Wesley is unusual. Already in 2010 he had sharper theological insight than most seminary graduates and a more thorough understanding of the United Methodist Church than I will ever have. (He said he had watched every second of the last UMC General Conference on his computer—like it was an edge-of-your-seat movie. I told you he was unusual.)

So I wasn’t shocked to hear that just out of seminary, Wesley was already influencing major decisions in the North Georgia Conference where he serves. Last year, he urged his conference to alter its budget—rejecting several proposed raises—and they accepted his proposal by a wide margin. This year, the conference is again proposing raises, and Wesley has again urged voting members to reject them. This time he sent a written letter to members of the annual conference and plans to speak again when they discuss the budget.

Because I’ve written about clergy compensation (see the “Related Posts” below), I’ve received several messages about it from people in the North Georgia Conference. I think this is important. North Georgia is the largest conference by membership in the UMC and one of the wealthiest. If they begin to change their attitudes toward clergy compensation, they could lead the way for many other conferences.

So I asked Wesley if he would share more. Here’s an interview I just did with him (Note: It’s long. I didn’t want to cut it short for those of you who are interested…) 

Last year, you were all of a few months out of seminary, and you decided to speak up against raises for your conference’s Cabinet (who happen to be, in many ways, your boss[es]). This year, it seems you’ve gone a step further, writing a letter in advance to urge people to vote against raises. That doesn’t seem like the clearest path to ordination and career advancement. Can you say some more about why you’re doing this?

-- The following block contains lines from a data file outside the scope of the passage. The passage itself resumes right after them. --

lemma exists_power2_dist_less_infdist:
  assumes "V \<noteq> {}" and "e > 0"
  shows "\<exists>y\<in>V. (dist x y)\<^sup>2 < (infdist x V)\<^sup>2 + e"
proof -
  have "infdist x V < sqrt ((infdist x V)\<^sup>2 + e)"
    using infdist_nonneg [of x V] assms(2) by (simp add: real_less_rsqrt)
  then obtain y where "y \<in> V" "dist x y < sqrt ((infdist x V)\<^sup>2 + e)"
    using assms(1) by (subst (asm) infdist_notempty) (auto simp: cINF_less_iff intro: bdd_belowI2)
  moreover have "(sqrt ((infdist x V)\<^sup>2 + e))\<^sup>2 = (infdist x V)\<^sup>2 + e"
    using assms(2) by simp
  ultimately show ?thesis
    using power_strict_mono [of "dist x y" "sqrt ((infdist x V)\<^sup>2 + e)" 2] by auto
qed

text \<open>Parallelogram law for \<open>x - a\<close> and \<open>x - b\<close>, using that the midpoint of \<open>a\<close> and \<open>b\<close> lies
  in the subspace.\<close>

lemma power2_dist_le_excess:
  fixes x :: "'a::chilbert_space"
  assumes V: "csubspace V" and "a \<in> V" "b \<in> V"
  shows "(dist a b)\<^sup>2 \<le> 2 * ((dist x a)\<^sup>2 - (infdist x V)\<^sup>2) + 2 * ((dist x b)\<^sup>2 - (infdist x V)\<^sup>2)"
proof -
  define mid where "mid = (1 / 2) *\<^sub>C (a + b)"
  have "mid + mid = a + b"
    by (simp add: mid_def scaleC_add_left [symmetric] scaleC_one)
  then have "(x - a) + (x - b) = 2 *\<^sub>R (x - mid)"
    by (simp add: scaleR_2 algebra_simps)
  moreover have "mid \<in> V"
    using V \<open>a \<in> V\<close> \<open>b \<in> V\<close> by (simp add: mid_def csubspace_def)
  then have "(infdist x V)\<^sup>2 \<le> (norm (x - mid))\<^sup>2"
    by (simp add: infdist_le infdist_nonneg power_mono flip: dist_norm)
  ultimately have "4 * (infdist x V)\<^sup>2 \<le> (norm ((x - a) + (x - b)))\<^sup>2"
    by (simp add: power_mult_distrib)
  moreover have "(norm ((x - a) + (x - b)))\<^sup>2 + (norm (b - a))\<^sup>2
      = 2 * (norm (x - a))\<^sup>2 + 2 * (norm (x - b))\<^sup>2"
    using power2_norm_add [of "x - a" "x - b"] power2_norm_diff [of "x - a" "x - b"] by simp
  ultimately show ?thesis
    by (simp add: dist_norm norm_minus_commute)
qed

lemma exists_nonzero_orthogonal:
  fixes x :: "'a::chilbert_space"
  assumes V: "csubspace V" and x: "x \<notin> closure V"
  shows "\<exists>z. z \<noteq> 0 \<and> (\<forall>y\<in>V. cinner y z = 0)"
proof -
  define d where "d = infdist x V"
  define e where "e n = inverse (real (Suc n))" for n
  have "V \<noteq> {}"
    using V by (auto simp: csubspace_def)
  then have "\<exists>y\<in>V. (dist x y)\<^sup>2 < d\<^sup>2 + e n" for n
    unfolding d_def e_def by (intro exists_power2_dist_less_infdist) auto
  then obtain s where s: "\<And>n. s n \<in> V" and s_dist: "\<And>n. (dist x (s n))\<^sup>2 < d\<^sup>2 + e n"
    by metis
  have "(dist (s m) (s n))\<^sup>2 \<le> 2 * e m + 2 * e n" for m n
    using power2_dist_le_excess [OF V s s, of m n x] s_dist [of m] s_dist [of n] by (simp add: d_def)
  moreover have "(\<lambda>n. 2 * e n) \<longlonglongrightarrow> 0"
    unfolding e_def using tendsto_mult_right_zero [OF LIMSEQ_inverse_real_of_nat] .
  ultimately have "Cauchy s"
    by (rule Cauchy_if_power2_dist_le)
  then obtain m where m: "s \<longlonglongrightarrow> m"
    unfolding Cauchy_convergent_iff convergent_def by blast
  have "m \<in> closure V"
    using s m unfolding closure_sequential by blast
  then have "x - m \<noteq> 0"
    using x by auto
  moreover have "norm (x - m) \<le> norm ((x - m) - t *\<^sub>C y)" if "y \<in> V" for t y
  proof -
    have "s n + t *\<^sub>C y \<in> V" for n
      using V s that by (simp add: csubspace_def)
    then have "d\<^sup>2 \<le> (dist x (s n + t *\<^sub>C y))\<^sup>2" for n
      by (simp add: d_def infdist_le infdist_nonneg power_mono)
    then have "(dist x (s n))\<^sup>2 - e n \<le> (dist x (s n + t *\<^sub>C y))\<^sup>2" for n
      using s_dist [of n] by (smt (verit))
    moreover have "(\<lambda>n. (dist x (s n))\<^sup>2 - e n) \<longlonglongrightarrow> (norm (x - m))\<^sup>2 - 0"
      unfolding e_def dist_norm by (intro tendsto_intros m LIMSEQ_inverse_real_of_nat)
    moreover have "(\<lambda>n. (dist x (s n + t *\<^sub>C y))\<^sup>2) \<longlonglongrightarrow> (norm ((x - m) - t *\<^sub>C y))\<^sup>2"
      unfolding dist_norm diff_diff_eq by (intro tendsto_intros m)
    ultimately have "(norm (x - m))\<^sup>2 \<le> (norm ((x - m) - t *\<^sub>C y))\<^sup>2"
      by (simp add: LIMSEQ_le)
    then show ?thesis
      by (simp add: power2_le_iff_abs_le)
  qed
  ultimately show ?thesis
    using cinner_eq_zero_if_norm_le by blast
qed

lemma Riesz_representation:
  fixes f :: "'a::chilbert_space \<Rightarrow> complex"
  assumes f: "bounded_linear f" and f_scaleC: "\<And>c x. f (c *\<^sub>C x) = c * f x"
  shows "\<exists>y. \<forall>x. f x = cinner y x"
proof (cases "\<forall>x. f x = 0")
  case False
  define K where "K = {x. f x = 0}"
  have "csubspace K"
    using f_scaleC linear_add [OF bounded_linear.linear [OF f]] linear_0 [OF bounded_linear.linear [OF f]]
    by (auto simp: csubspace_def K_def)
  moreover have "closed K"
    unfolding K_def by (intro closed_Collect_eq continuous_on_const bounded_linear.continuous_on [OF f] continuous_on_id)
  moreover obtain x0 where "f x0 \<noteq> 0"
    using False by blast
  ultimately obtain z where "z \<noteq> 0" and z: "\<And>k. f k = 0 \<Longrightarrow> cinner k z = 0"
    using exists_nonzero_orthogonal [of K x0] by (auto simp: K_def)
  then have fz: "f z \<noteq> 0"
    by fastforce
  define n where "n = complex_of_real ((norm z)\<^sup>2)"
  have "n \<noteq> 0"
    using \<open>z \<noteq> 0\<close> by (simp add: n_def)
  have "f x = cinner ((cnj (f z) / n) *\<^sub>C z) x" for x
  proof -
    have "f (x - (f x / f z) *\<^sub>C z) = 0"
      using fz by (simp add: linear_diff [OF bounded_linear.linear [OF f]] f_scaleC)
    then have "cinner (x - (f x / f z) *\<^sub>C z) z = 0"
      by (rule z)
    then have "cinner z x = (f x / f z) * n"
      by (subst cinner_commute) (simp add: cinner_diff_left cinner_scaleC_left n_def cinner_self_norm)
    then show ?thesis
      using fz \<open>n \<noteq> 0\<close> by (simp add: cinner_scaleC_left n_def)
  qed
  then show ?thesis
    by blast
qed (auto intro: exI [of _ 0])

Quite frankly, I am doing this because I think our current practices as a denomination, as they relate to clergy compensation, are far too influenced by American capitalism. This is not unique to the United Methodist Church by any means, and we do better than some others—the nature of itinerancy actually helps to keep our highest-paid clergy in our largest churches at a much lower salary than the pastors of the largest churches of more congregational denominations.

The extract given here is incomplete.